6. How a DBA Can Use StatsMgr in Practice
1. Capacity planning and performance baselines
- Use statsmgr_wal() across ticks to calculate WAL generated per minute and derive throughput needs for storage and replication.
- Use statsmgr_io() to understand which backend types and contexts dominate I/O.
2. Investigating “mystery spikes”
When you hear “yesterday around 3 PM the database felt slow”, but your Prometheus/agent missed data, StatsMgr’s snapshots can still show you:
- Did WAL volume jump?
- Did checkpoints or bgwriter activity spike?
- Did SLRU areas suddenly get hammered?
3. Tuning checkpoints and bgwriter
- From statsmgr_checkpointer() and statsmgr_bgwriter() you can track how changes in checkpoint_timeout, max_wal_size, bgwriter_lru_maxpages, etc., affect write and sync timings over time.
4. Lock and multixact troubleshooting
- statsmgr_slru() gives a historical view of multixact and transaction SLRU activity. Heavy multixact writes might correlate with high contention or frequent updates/deletes.
5. Backup/archiving reliability
- statsmgr_archiver() makes it easy to prove that archiving has been running consistently over the last N snapshots, and to detect periods where no WAL was archived even though statsmgr_wal() shows WAL was generated.
Conclusion
StatsMgr brings a powerful new way to observe what is happening inside PostgreSQL. Instead of relying only on the current values shown in the standard pg_stat_* views, StatsMgr continuously captures snapshots of key internal statistics—covering WAL activity, I/O behaviour, checkpoints, SLRU usage, and the archiver process—and stores them as a rolling history.
This transforms PostgreSQL into a lightweight time-series monitoring system. Throughout this walkthrough, we built the extension from source, enabled it inside the database, started its background worker, and explored every StatsMgr function in action.
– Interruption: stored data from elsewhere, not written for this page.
lemma BC_function_mdiff_Pq_Nq:
  assumes BC: "BC_function bf f"
  shows "mdiff (Pq bf f) (Nq bf g0) = UNIV"
proof -
  have pc: "proper_convex f" and conj: "\<And>b. f b \<le> fconj bf f b"
    and above: "\<And>b. ereal (qf bf b) \<le> f b"
    using BC unfolding BC_function_def by auto
  obtain y0 where "f y0 \<noteq> \<infinity>" using pc unfolding proper_convex_def by blast
  have "d \<in> mdiff (Pq bf f) (Nq bf g0)" for d
  proof -
    obtain e where e: "\<And>y. f y \<noteq> \<infinity> \<Longrightarrow>
        norm (e - d) ^ 2 / 2 + qf bf (e - d) \<le> real_of_ereal (f y) - qf bf y + qf bf (y - e)"
      using convex_ge_qf_obtain_point[OF proper_convex_imp_convex_on[OF pc], of y0]
        \<open>f y0 \<noteq> \<infinity>\<close> BC_function_qf_le[OF BC] by auto
    let ?g = "norm (e - d) ^ 2 / 2 + qf bf (e - d)"
    have "fconj bf f e \<le> ereal (qf bf e - ?g)"
    proof (rule fconj_le)
      show "f y \<noteq> - \<infinity>" for y using pc unfolding proper_convex_def by blast
      show "bf y e - r \<le> qf bf e - ?g" if "f y = ereal r" for y r
        using e[of y] that qf_diff[of y e] by simp
    qed
    then have f_e: "f e \<le> ereal (qf bf e - ?g)"
      using conj[of e] by simp
    have "ereal (qf bf e) \<le> ereal (qf bf e - ?g)"
      using above[of e] f_e by (rule order_trans)
    then have "e - d \<in> Nq bf g0"
      unfolding mem_Nq_g0_iff by simp
    moreover have "f e \<le> ereal (qf bf e)"
      using f_e half_norm_square_add_qf_nonneg[of "e - d"] by (simp add: order_trans)
    then have "e \<in> Pq bf f"
      using above[of e] unfolding Pq_def by (simp add: antisym)
    ultimately show ?thesis unfolding mdiff_def by force
  qed
  then show ?thesis by blast
qed
(* The state is merely absolutely continuous, so instead of differentiating e^((t-s)A) x(s)
   the proof exchanges the order of integration in the double integral of e^((t-r)A) A f(s)
   over 0 \<le> s \<le> r \<le> t. *)
lemma variation_of_constants:
  fixes A :: "real^'N^'N" and f x :: "real \<Rightarrow> real^'N"
  assumes t: "0 \<le> t" and f: "f absolutely_integrable_on {0..t}"
    and f_meas: "\<And>b. (\<lambda>s. indicator {0..t} s * f s $ b) \<in> borel_measurable lborel"
    and x: "\<And>r. r \<in> {0..t} \<Longrightarrow> x r = integral {0..r} f"
  shows "((\<lambda>s. (mat_exp ((t - s) *\<^sub>R A) *v (f s - A *v x s)) $ a) has_integral x t $ a) {0..t}"
proof -
  let ?E = "\<lambda>s. mat_exp ((t - s) *\<^sub>R A)"
  have f_b: "(\<lambda>s. f s $ b) absolutely_integrable_on {0..t}" for b
    by (rule absolutely_integrable_on_vec_nth[OF f])
  have x_b: "x r $ b = integral {0..r} (\<lambda>s. f s $ b)" if "r \<in> {0..t}" for r b
  proof -
    have "f integrable_on {0..r}"
      using that set_lebesgue_integral_eq_integral(1)[OF absolutely_integrable_on_subinterval[OF f]]
      by auto
    then show ?thesis using x[OF that] by (simp add: integral_component_eq_cart)
  qed
  define J where "J b = integral {0..t} (\<lambda>r. (?E r ** A) $ a $ b * x r $ b)" for b
  have Ax: "((\<lambda>r. (?E r *v (A *v x r)) $ a) has_integral (\<Sum>b\<in>UNIV. J b)) {0..t}"
  proof -
    have x_cont: "continuous_on {0..t} (\<lambda>r. x r $ b)" for b
    proof (rule continuous_on_eq[OF indefinite_integral_continuous_1])
      show "(\<lambda>s. f s $ b) integrable_on {0..t}"
        using f_b set_lebesgue_integral_eq_integral(1) by blast
    qed (simp add: x_b)
    have Ax_sum: "(?E r *v (A *v x r)) $ a = (\<Sum>b\<in>UNIV. (?E r ** A) $ a $ b * x r $ b)" for r
      by (simp only: matrix_vector_mul_assoc) (simp only: matrix_vector_mult_def vec_lambda_beta)
    show ?thesis
      unfolding Ax_sum J_def
      by (intro has_integral_sum finite_class.finite_UNIV integrable_integral integrable_continuous_interval
          continuous_on_mult continuous_on_mat_exp_reflect_mult_entry x_cont)
  qed
  have Ef: "((\<lambda>s. (?E s *v f s) $ a - f s $ a) has_integral (\<Sum>b\<in>UNIV. J b)) {0..t}"
  proof -
    have Ef_sum: "(?E s *v f s) $ a - f s $ a = (\<Sum>b\<in>UNIV. (?E s $ a $ b - mat 1 $ a $ b) * f s $ b)"
      for s
    proof -
      have "(\<Sum>b\<in>UNIV. (?E s $ a $ b - mat 1 $ a $ b) * f s $ b) = ((?E s - mat 1) *v f s) $ a"
        by (simp only: matrix_vector_mult_def vec_lambda_beta vector_minus_component)
      then show ?thesis
        by (simp only: matrix_vector_mult_diff_rdistrib matrix_vector_mul_lid vector_minus_component)
    qed
    have "J b = integral {0..t} (\<lambda>r. (?E r ** A) $ a $ b * integral {0..r} (\<lambda>s. f s $ b))" for b
      unfolding J_def by (rule integral_cong) (simp add: x_b)
    then show ?thesis
      unfolding Ef_sum
      by (intro has_integral_sum finite_class.finite_UNIV) (simp add: has_integral_mat_exp_reflect_by_parts[OF t f_meas f_b])
  qed
  have "((\<lambda>s. f s $ a) has_integral x t $ a) {0..t}"
    using x_b[of t a] t f_b set_lebesgue_integral_eq_integral(1) by (auto intro: integrable_integral)
  from has_integral_add[OF Ef this]
  have "((\<lambda>s. (?E s *v f s) $ a) has_integral (\<Sum>b\<in>UNIV. J b) + x t $ a) {0..t}"
    by simp
  from has_integral_diff[OF this Ax]
  have "((\<lambda>s. (?E s *v f s) $ a - (?E s *v (A *v x s)) $ a) has_integral x t $ a) {0..t}"
    by simp
  then show ?thesis
    by (simp only: matrix_vector_mult_diff_distrib vector_minus_component)
qed

lemma abs_sin_diff_le: "\<bar>sin (a::real) - sin b\<bar> \<le> \<bar>a - b\<bar>"
proof -
  have "\<bar>sin a - sin b\<bar> = 2 * \<bar>sin ((a - b) / 2)\<bar> * \<bar>cos ((a + b) / 2)\<bar>"
    by (simp add: sin_diff_sin abs_mult)
  also have "\<dots> \<le> 2 * \<bar>(a - b) / 2\<bar> * 1"
    by (intro mult_mono abs_sin_x_le_abs_x abs_cos_le_one) auto
  finally show ?thesis by simp
qed

lemma abs_sin_linearization_error_le:
  fixes p zb z :: real
  assumes zb: "0 < zb" and z: "\<bar>z\<bar> \<le> zb"
  shows "\<bar>sin (p + z) - sin p - cos p * z\<bar>
           \<le> Sup {\<bar>(sin (p + s) - sin p) / s - cos p\<bar> | s. 0 < \<bar>s\<bar> \<and> \<bar>s\<bar> \<le> zb} * zb"
proof -
  let ?S = "{\<bar>(sin (p + s) - sin p) / s - cos p\<bar> | s. 0 < \<bar>s\<bar> \<and> \<bar>s\<bar> \<le> zb}"
  have "\<bar>(sin (p + s) - sin p) / s - cos p\<bar> \<le> 2" for s
  proof -
    have "\<bar>(sin (p + s) - sin p) / s\<bar> \<le> 1"
      using abs_sin_diff_le[of "p + s" p] by (cases "s = 0") (simp_all add: abs_divide divide_le_eq_1)
    then show ?thesis using abs_cos_le_one[of p] by linarith
  qed
  then have bdd: "bdd_above ?S"
    by (auto intro!: bdd_aboveI[of _ 2])
  have "\<bar>(sin (p + zb) - sin p) / zb - cos p\<bar> \<in> ?S"
    using zb by auto
  then have Sup_nonneg: "0 \<le> Sup ?S"
    by (rule order_trans[OF abs_ge_zero cSup_upper[OF _ bdd]])
  show ?thesis
  proof (cases "z = 0")
    case False
    then have "\<bar>(sin (p + z) - sin p) / z - cos p\<bar> \<in> ?S"
      using z by auto
    then have "\<bar>(sin (p + z) - sin p) / z - cos p\<bar> * \<bar>z\<bar> \<le> Sup ?S * zb"
      by (intro mult_mono cSup_upper bdd Sup_nonneg z) simp_all
    moreover have "\<bar>sin (p + z) - sin p - cos p * z\<bar> = \<bar>(sin (p + z) - sin p) / z - cos p\<bar> * \<bar>z\<bar>"
      using False by (simp add: abs_mult[symmetric] field_simps)
    ultimately show ?thesis by simp
  qed (use Sup_nonneg zb in simp)
qed

lemma gamma_psi_mult_nth: "(gamma_psi phis zbar *v w) $ i = gamma_psi phis zbar $ i $ i * w $ i"
proof -
  have "(gamma_psi phis zbar *v w) $ i = (\<Sum>j\<in>UNIV. if i = j then gamma_psi phis zbar $ i $ i * w $ i else 0)"
    unfolding matrix_vector_mult_def vec_lambda_beta by (rule sum.cong) (auto simp: gamma_psi_def)
  then show ?thesis by simp
qed

lemma abs_psi_le_gamma_psi:
  assumes "0 < zbar $ i" and "\<bar>z $ i\<bar> \<le> zbar $ i"
  shows "\<bar>psi phis z $ i\<bar> \<le> (gamma_psi phis zbar *v zbar) $ i"
  using abs_sin_linearization_error_le[OF assms, of "phis $ i"]
  unfolding gamma_psi_mult_nth by (simp add: psi_def gamma_psi_def)

lemma integral_reflect_interval:
  fixes g :: "real \<Rightarrow> real"
  shows "integral {0..t} (\<lambda>s. g (t - s)) = integral {0..t} g"
proof -
  have "integral {0..t} (\<lambda>s. g (t - s)) = integral {- 0..- (- t)} (\<lambda>s. (\<lambda>y. g (t + y)) (- s))"
    by simp
  also have "\<dots> = integral {-t..0} (\<lambda>y. g (t + y))"
    using Henstock_Kurzweil_Integration.integral_reflect_real[where a="-t" and b=0 and f="\<lambda>y. g (t + y)"]
    by (simp only: minus_minus minus_zero diff_conv_add_uminus)
  also have "\<dots> = integral {0 - t..t - t} (\<lambda>y. g (y + t))"
    by (simp add: add.commute)
  also have "\<dots> = integral {0..t} g"
    by (rule integral_shift_real_ivl)
  finally show ?thesis .
qed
By examining the historical snapshots it collects, and by combining them with SQL techniques like window functions, you gain the ability to look back in time, correlate different types of internal activity, and understand exactly what the database was doing during any moment of interest.
For a DBA, this level of visibility is invaluable—especially during troubleshooting, capacity planning, and performance analysis—and makes StatsMgr an excellent addition to any PostgreSQL 17+ environment.